• Task details:
Match on the string "then" in the entries below and return every matching line.

• Supplied entries:
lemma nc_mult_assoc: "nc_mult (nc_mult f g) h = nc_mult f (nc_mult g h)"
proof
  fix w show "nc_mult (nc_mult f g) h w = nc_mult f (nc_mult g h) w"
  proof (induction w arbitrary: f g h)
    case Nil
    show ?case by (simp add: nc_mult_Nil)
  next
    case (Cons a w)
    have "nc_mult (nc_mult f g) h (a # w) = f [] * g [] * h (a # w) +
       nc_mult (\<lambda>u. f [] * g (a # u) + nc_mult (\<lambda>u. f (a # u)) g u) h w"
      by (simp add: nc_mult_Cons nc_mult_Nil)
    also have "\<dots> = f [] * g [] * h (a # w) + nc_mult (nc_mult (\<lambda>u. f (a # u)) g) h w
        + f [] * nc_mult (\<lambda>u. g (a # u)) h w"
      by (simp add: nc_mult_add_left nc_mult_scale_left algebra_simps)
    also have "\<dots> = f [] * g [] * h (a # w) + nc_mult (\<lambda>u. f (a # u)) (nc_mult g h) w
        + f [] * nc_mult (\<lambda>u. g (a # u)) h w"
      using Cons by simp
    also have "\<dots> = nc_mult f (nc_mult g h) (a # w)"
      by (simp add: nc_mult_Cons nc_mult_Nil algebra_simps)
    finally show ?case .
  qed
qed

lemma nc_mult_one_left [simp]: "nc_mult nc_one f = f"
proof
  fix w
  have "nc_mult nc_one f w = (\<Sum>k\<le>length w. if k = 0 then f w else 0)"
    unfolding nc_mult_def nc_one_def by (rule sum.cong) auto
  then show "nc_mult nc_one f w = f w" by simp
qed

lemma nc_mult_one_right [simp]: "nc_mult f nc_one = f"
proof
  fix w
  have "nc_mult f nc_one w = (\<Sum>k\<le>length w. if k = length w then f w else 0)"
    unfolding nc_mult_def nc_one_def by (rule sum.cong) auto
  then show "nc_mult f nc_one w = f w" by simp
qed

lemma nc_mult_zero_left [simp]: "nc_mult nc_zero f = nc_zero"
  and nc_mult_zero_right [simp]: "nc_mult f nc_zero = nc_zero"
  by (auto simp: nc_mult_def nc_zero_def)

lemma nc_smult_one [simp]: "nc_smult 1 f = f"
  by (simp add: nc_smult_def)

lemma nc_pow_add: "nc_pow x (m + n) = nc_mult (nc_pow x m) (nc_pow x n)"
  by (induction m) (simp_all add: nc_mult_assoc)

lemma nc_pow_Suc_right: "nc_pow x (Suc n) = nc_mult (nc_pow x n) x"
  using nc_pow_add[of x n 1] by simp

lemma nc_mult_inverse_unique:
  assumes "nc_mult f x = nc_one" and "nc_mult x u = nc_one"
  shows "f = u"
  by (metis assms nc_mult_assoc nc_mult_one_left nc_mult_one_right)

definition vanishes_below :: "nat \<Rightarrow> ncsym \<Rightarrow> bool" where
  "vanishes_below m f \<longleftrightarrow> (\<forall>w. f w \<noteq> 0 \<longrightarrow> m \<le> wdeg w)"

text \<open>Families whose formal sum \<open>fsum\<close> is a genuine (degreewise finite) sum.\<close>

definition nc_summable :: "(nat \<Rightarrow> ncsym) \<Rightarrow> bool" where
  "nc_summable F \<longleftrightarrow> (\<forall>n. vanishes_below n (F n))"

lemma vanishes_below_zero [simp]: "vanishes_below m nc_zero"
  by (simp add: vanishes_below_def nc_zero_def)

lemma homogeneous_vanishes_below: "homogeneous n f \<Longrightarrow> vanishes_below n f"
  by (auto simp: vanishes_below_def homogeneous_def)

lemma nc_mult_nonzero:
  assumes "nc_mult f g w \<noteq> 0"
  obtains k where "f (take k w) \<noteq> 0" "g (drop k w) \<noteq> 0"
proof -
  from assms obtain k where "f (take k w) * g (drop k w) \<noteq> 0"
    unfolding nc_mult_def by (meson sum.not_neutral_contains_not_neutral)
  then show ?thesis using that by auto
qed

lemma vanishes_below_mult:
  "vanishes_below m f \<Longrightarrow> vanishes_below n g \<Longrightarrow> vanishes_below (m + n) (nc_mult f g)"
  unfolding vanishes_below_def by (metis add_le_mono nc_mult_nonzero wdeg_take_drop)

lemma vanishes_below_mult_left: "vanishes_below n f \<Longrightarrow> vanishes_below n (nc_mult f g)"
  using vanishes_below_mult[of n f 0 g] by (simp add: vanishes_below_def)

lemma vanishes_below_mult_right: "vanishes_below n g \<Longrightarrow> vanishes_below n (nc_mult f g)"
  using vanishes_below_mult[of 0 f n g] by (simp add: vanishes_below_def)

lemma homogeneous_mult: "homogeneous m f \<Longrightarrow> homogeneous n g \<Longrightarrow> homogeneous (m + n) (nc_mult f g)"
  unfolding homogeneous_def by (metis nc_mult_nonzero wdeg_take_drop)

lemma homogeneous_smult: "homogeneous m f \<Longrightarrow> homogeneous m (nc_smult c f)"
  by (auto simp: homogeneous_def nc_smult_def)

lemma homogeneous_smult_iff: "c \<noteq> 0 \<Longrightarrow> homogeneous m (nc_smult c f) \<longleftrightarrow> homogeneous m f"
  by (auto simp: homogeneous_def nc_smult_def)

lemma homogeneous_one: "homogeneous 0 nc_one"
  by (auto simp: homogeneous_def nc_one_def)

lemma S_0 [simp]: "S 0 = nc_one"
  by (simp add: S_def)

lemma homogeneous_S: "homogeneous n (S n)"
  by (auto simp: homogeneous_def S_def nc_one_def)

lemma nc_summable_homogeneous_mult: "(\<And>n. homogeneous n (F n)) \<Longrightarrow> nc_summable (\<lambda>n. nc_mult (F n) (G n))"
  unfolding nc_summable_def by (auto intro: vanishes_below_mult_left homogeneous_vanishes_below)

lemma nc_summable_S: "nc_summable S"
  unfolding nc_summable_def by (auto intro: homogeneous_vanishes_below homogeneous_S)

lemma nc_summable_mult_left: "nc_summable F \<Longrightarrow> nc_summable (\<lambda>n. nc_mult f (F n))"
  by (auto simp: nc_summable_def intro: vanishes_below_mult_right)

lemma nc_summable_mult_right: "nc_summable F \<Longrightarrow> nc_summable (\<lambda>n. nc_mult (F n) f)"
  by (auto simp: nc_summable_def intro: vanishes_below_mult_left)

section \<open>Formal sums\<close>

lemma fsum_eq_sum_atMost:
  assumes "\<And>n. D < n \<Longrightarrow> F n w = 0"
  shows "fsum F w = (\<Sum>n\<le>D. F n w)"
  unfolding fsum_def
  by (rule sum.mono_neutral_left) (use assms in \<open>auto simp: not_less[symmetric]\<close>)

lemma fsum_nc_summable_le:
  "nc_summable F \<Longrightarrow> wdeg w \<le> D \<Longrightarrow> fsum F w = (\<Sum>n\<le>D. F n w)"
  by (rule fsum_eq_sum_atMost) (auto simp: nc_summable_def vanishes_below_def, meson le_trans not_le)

• Response to this exercise:
  have "nc_mult nc_one f w = (\<Sum>k\<le>length w. if k = 0 then f w else 0)"
  then show "nc_mult nc_one f w = f w" by simp
  have "nc_mult f nc_one w = (\<Sum>k\<le>length w. if k = length w then f w else 0)"
  then show "nc_mult f nc_one w = f w" by simp
  then show ?thesis using that by auto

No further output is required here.